==== Study material

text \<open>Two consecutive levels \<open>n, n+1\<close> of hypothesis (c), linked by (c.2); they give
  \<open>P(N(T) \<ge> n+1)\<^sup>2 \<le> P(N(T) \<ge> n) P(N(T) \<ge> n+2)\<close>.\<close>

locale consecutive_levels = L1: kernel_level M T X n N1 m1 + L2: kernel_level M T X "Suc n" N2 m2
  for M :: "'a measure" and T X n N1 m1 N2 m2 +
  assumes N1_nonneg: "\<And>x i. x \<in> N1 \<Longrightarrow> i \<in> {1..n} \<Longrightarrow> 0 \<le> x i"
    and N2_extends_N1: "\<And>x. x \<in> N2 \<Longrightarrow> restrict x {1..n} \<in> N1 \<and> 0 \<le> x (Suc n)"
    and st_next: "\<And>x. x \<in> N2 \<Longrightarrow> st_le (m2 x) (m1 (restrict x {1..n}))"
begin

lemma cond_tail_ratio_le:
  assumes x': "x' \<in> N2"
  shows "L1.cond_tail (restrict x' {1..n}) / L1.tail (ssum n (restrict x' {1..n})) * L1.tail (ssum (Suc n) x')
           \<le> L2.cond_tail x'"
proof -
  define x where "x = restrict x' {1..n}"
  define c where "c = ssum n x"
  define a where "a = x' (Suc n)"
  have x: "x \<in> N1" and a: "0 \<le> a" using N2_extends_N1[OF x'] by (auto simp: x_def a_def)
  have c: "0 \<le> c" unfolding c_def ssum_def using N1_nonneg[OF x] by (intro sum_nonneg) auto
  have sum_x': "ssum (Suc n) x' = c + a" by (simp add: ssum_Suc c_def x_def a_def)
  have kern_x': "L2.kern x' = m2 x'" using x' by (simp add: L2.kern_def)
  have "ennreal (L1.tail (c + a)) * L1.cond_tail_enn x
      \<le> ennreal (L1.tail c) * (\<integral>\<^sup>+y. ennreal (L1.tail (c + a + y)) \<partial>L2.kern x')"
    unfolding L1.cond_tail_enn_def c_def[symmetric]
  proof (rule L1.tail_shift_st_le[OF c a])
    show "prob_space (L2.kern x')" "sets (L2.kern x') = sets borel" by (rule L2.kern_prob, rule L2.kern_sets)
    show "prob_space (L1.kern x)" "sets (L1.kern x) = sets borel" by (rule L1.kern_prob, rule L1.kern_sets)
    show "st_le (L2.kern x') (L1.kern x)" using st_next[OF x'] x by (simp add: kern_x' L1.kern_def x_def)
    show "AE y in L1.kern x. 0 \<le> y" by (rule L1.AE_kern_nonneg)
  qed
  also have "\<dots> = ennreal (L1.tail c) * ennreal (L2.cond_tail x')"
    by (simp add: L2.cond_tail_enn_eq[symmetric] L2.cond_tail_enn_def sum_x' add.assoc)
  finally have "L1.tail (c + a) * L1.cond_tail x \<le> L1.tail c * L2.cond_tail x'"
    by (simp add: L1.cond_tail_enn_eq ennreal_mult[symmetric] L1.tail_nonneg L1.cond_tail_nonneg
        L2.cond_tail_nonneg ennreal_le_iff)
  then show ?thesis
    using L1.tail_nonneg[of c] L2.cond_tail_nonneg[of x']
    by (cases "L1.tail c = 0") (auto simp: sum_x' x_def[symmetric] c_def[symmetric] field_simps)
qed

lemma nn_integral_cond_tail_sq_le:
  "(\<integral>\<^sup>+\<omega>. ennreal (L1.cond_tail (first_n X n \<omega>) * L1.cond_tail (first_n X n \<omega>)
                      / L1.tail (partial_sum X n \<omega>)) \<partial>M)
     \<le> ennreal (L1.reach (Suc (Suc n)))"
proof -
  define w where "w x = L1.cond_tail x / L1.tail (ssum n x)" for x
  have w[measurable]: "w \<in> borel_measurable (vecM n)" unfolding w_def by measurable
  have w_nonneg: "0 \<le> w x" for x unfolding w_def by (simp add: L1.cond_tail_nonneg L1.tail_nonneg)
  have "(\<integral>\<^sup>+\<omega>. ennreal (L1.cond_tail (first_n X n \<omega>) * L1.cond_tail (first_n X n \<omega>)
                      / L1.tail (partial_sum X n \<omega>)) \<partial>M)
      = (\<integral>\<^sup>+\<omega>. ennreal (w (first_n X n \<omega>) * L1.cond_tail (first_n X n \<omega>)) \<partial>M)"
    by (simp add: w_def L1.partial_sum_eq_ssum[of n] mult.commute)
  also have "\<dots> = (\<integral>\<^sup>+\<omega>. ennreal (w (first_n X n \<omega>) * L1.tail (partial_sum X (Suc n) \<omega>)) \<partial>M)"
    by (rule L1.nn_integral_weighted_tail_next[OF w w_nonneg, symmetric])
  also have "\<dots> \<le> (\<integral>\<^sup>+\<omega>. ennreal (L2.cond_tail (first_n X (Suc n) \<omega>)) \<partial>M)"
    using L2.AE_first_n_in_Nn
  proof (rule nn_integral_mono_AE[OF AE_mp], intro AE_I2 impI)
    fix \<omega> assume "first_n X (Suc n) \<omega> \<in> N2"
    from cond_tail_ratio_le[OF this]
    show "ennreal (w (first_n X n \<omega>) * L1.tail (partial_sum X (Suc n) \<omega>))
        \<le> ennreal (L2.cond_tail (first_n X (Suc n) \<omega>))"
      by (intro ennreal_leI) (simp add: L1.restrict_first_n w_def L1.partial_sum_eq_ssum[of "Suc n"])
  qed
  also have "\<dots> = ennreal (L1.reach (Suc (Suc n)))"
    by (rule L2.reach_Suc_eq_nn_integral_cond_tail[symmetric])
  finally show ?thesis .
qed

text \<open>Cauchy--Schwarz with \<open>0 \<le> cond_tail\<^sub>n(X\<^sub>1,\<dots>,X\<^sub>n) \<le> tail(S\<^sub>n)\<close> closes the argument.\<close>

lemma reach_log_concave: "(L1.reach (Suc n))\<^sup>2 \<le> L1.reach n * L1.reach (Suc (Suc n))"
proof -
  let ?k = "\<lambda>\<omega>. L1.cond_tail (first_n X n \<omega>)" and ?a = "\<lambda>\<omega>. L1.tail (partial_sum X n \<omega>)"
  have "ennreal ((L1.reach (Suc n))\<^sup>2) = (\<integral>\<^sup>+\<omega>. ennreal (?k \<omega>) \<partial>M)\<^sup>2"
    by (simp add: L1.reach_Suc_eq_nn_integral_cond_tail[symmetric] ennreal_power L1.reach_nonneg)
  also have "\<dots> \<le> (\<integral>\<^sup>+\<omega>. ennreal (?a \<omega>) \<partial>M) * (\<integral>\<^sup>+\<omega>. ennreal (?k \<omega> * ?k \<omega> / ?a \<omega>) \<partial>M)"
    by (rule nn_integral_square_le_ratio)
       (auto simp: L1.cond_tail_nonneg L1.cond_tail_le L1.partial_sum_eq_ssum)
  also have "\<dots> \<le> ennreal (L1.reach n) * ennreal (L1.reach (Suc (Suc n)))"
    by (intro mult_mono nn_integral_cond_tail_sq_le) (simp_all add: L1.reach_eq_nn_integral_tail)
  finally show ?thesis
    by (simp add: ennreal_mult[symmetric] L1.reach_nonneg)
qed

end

========
==== Study material

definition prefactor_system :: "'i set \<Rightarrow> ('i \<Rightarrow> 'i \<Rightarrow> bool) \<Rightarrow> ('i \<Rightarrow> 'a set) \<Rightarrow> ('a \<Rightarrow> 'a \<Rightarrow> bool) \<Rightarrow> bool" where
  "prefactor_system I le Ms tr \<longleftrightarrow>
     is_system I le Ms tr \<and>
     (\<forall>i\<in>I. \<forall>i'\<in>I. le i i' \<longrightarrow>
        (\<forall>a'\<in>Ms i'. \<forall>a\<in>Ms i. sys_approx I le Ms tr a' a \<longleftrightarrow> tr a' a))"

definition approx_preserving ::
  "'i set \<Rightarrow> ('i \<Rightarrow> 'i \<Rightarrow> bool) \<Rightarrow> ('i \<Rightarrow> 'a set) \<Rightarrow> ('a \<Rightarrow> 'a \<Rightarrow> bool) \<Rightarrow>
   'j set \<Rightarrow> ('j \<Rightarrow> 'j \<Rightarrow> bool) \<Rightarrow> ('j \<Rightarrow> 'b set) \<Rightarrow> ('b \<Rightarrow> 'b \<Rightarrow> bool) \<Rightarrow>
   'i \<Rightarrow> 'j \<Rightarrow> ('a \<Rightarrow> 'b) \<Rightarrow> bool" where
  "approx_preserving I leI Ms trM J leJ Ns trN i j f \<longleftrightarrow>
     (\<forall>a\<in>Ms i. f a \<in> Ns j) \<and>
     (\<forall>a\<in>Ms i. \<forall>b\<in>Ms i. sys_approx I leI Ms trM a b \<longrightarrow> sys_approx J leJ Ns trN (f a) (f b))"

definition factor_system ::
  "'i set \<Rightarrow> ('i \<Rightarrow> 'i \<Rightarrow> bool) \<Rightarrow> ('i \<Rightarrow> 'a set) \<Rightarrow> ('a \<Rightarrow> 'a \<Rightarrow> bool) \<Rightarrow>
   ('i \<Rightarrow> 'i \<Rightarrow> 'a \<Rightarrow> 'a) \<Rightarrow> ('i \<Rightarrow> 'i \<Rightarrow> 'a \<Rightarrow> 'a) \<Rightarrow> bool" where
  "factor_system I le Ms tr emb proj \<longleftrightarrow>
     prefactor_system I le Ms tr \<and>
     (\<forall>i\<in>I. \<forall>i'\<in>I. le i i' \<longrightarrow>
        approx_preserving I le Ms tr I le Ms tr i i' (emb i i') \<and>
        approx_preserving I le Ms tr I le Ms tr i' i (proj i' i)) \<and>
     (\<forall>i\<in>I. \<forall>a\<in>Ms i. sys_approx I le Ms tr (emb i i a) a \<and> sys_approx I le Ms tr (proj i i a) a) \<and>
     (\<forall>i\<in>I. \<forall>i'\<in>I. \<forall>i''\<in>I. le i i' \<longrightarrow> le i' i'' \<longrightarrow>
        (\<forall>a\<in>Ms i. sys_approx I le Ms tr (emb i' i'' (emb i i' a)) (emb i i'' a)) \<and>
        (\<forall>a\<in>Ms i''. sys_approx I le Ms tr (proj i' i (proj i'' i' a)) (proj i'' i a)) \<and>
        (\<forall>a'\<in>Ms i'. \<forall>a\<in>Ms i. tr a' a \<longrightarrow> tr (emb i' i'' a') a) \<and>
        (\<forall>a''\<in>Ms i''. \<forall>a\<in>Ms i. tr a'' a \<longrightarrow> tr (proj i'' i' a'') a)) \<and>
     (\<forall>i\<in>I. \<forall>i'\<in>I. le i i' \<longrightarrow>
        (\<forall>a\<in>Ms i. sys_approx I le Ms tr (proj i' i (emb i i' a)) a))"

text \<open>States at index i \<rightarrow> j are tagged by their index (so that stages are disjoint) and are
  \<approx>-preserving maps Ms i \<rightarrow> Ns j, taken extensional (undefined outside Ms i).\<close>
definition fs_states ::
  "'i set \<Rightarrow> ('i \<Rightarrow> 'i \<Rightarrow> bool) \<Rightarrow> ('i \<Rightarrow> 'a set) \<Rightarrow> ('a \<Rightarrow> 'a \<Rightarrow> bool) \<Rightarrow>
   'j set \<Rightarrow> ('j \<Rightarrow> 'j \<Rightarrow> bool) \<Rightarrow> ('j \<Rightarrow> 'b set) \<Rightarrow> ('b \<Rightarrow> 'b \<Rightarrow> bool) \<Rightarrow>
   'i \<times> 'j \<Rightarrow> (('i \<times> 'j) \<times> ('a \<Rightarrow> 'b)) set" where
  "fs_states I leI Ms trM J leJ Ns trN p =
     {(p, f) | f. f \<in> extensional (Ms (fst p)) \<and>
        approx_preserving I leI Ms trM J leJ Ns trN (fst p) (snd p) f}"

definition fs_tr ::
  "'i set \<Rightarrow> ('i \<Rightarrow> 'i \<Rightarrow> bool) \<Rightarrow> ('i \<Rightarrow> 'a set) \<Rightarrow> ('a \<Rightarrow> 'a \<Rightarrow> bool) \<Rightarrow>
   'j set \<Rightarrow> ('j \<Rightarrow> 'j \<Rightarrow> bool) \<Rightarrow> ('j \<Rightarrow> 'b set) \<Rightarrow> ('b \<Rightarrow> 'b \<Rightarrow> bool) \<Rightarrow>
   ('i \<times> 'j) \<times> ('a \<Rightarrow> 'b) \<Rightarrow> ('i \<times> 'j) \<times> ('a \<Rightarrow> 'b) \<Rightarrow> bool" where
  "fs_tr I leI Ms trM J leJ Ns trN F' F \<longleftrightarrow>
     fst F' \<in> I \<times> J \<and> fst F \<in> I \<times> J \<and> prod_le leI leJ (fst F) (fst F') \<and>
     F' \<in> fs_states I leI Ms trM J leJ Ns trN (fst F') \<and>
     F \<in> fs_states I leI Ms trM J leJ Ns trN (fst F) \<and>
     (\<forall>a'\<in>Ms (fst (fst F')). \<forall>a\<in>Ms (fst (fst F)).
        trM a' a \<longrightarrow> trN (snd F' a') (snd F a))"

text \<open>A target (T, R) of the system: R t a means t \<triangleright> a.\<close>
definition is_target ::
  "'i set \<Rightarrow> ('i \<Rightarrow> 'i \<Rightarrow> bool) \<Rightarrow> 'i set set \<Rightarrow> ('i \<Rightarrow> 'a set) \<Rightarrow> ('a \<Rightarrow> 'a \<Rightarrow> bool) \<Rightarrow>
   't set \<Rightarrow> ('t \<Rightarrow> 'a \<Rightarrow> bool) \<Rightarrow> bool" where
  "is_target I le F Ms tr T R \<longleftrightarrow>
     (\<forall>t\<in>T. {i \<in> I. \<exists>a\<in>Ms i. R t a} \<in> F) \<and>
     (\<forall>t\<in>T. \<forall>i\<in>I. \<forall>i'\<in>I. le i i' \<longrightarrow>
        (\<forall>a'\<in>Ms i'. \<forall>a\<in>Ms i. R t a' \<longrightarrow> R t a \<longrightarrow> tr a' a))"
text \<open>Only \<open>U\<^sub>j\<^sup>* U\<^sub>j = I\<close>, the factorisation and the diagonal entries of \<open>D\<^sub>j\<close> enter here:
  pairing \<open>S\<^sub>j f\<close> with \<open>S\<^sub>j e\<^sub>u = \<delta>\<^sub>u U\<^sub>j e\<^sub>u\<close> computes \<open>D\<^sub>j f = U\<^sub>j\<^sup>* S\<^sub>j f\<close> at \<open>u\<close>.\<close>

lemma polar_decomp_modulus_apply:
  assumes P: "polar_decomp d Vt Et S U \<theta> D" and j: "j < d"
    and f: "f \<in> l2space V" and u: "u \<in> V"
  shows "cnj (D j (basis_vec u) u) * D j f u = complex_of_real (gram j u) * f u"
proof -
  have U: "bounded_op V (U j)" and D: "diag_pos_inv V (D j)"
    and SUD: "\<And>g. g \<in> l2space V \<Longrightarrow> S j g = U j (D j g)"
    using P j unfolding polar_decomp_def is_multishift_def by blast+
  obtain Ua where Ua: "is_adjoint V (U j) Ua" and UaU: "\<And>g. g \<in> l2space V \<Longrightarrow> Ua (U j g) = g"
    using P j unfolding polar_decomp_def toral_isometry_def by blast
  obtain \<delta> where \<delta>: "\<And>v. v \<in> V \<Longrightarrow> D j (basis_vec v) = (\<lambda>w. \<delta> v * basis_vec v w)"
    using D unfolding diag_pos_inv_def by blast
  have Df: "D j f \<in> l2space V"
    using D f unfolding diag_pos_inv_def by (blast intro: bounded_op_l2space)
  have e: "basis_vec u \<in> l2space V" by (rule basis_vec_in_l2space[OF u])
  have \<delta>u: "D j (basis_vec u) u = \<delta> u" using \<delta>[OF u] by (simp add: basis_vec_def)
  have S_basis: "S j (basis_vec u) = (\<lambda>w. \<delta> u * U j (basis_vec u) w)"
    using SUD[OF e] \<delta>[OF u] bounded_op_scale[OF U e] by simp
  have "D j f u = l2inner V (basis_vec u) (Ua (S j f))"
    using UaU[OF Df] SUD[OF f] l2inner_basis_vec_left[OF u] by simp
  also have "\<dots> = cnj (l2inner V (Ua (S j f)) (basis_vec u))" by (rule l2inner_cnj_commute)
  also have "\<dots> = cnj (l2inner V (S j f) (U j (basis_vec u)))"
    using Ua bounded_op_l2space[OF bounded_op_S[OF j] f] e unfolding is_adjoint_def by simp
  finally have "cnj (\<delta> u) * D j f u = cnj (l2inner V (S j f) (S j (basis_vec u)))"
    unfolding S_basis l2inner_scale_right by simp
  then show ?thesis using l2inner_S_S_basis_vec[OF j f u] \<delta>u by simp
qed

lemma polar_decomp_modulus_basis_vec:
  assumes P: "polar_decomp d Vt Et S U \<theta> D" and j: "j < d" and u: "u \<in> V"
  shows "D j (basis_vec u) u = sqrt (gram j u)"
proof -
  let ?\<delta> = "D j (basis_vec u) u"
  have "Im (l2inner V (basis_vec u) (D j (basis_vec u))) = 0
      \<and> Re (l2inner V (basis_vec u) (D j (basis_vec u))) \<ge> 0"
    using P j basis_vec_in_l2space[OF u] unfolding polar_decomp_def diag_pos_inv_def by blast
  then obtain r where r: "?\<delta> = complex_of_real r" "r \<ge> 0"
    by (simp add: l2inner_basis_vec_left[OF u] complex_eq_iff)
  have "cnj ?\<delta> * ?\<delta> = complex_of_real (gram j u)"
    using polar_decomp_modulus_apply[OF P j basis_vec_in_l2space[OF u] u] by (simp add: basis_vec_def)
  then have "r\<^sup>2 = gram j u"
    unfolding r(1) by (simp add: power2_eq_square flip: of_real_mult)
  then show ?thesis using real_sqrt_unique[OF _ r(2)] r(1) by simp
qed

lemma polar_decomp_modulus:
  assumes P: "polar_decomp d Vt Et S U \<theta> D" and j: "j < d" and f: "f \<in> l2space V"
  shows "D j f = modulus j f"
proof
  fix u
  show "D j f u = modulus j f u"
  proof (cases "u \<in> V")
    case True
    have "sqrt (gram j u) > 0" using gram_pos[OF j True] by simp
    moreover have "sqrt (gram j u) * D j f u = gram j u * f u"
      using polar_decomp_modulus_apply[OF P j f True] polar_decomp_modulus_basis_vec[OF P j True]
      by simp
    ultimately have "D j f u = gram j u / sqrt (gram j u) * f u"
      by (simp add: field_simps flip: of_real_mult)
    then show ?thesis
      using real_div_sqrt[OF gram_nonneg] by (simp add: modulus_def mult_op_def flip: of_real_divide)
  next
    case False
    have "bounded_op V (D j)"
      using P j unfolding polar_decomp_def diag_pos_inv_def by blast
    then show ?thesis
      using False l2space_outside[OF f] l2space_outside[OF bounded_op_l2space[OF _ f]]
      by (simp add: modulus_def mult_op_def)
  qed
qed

========

Work to complete ▸
From the records above, retype only the lines starting at the line that contains "text \<open>Two consecutive" and ending at the line that contains "locale consecutive_levels = L1: kernel_level", both included.

Output for this task ▸
text \<open>Two consecutive levels \<open>n, n+1\<close> of hypothesis (c), linked by (c.2); they give
  \<open>P(N(T) \<ge> n+1)\<^sup>2 \<le> P(N(T) \<ge> n) P(N(T) \<ge> n+2)\<close>.\<close>

locale consecutive_levels = L1: kernel_level M T X n N1 m1 + L2: kernel_level M T X "Suc n" N2 m2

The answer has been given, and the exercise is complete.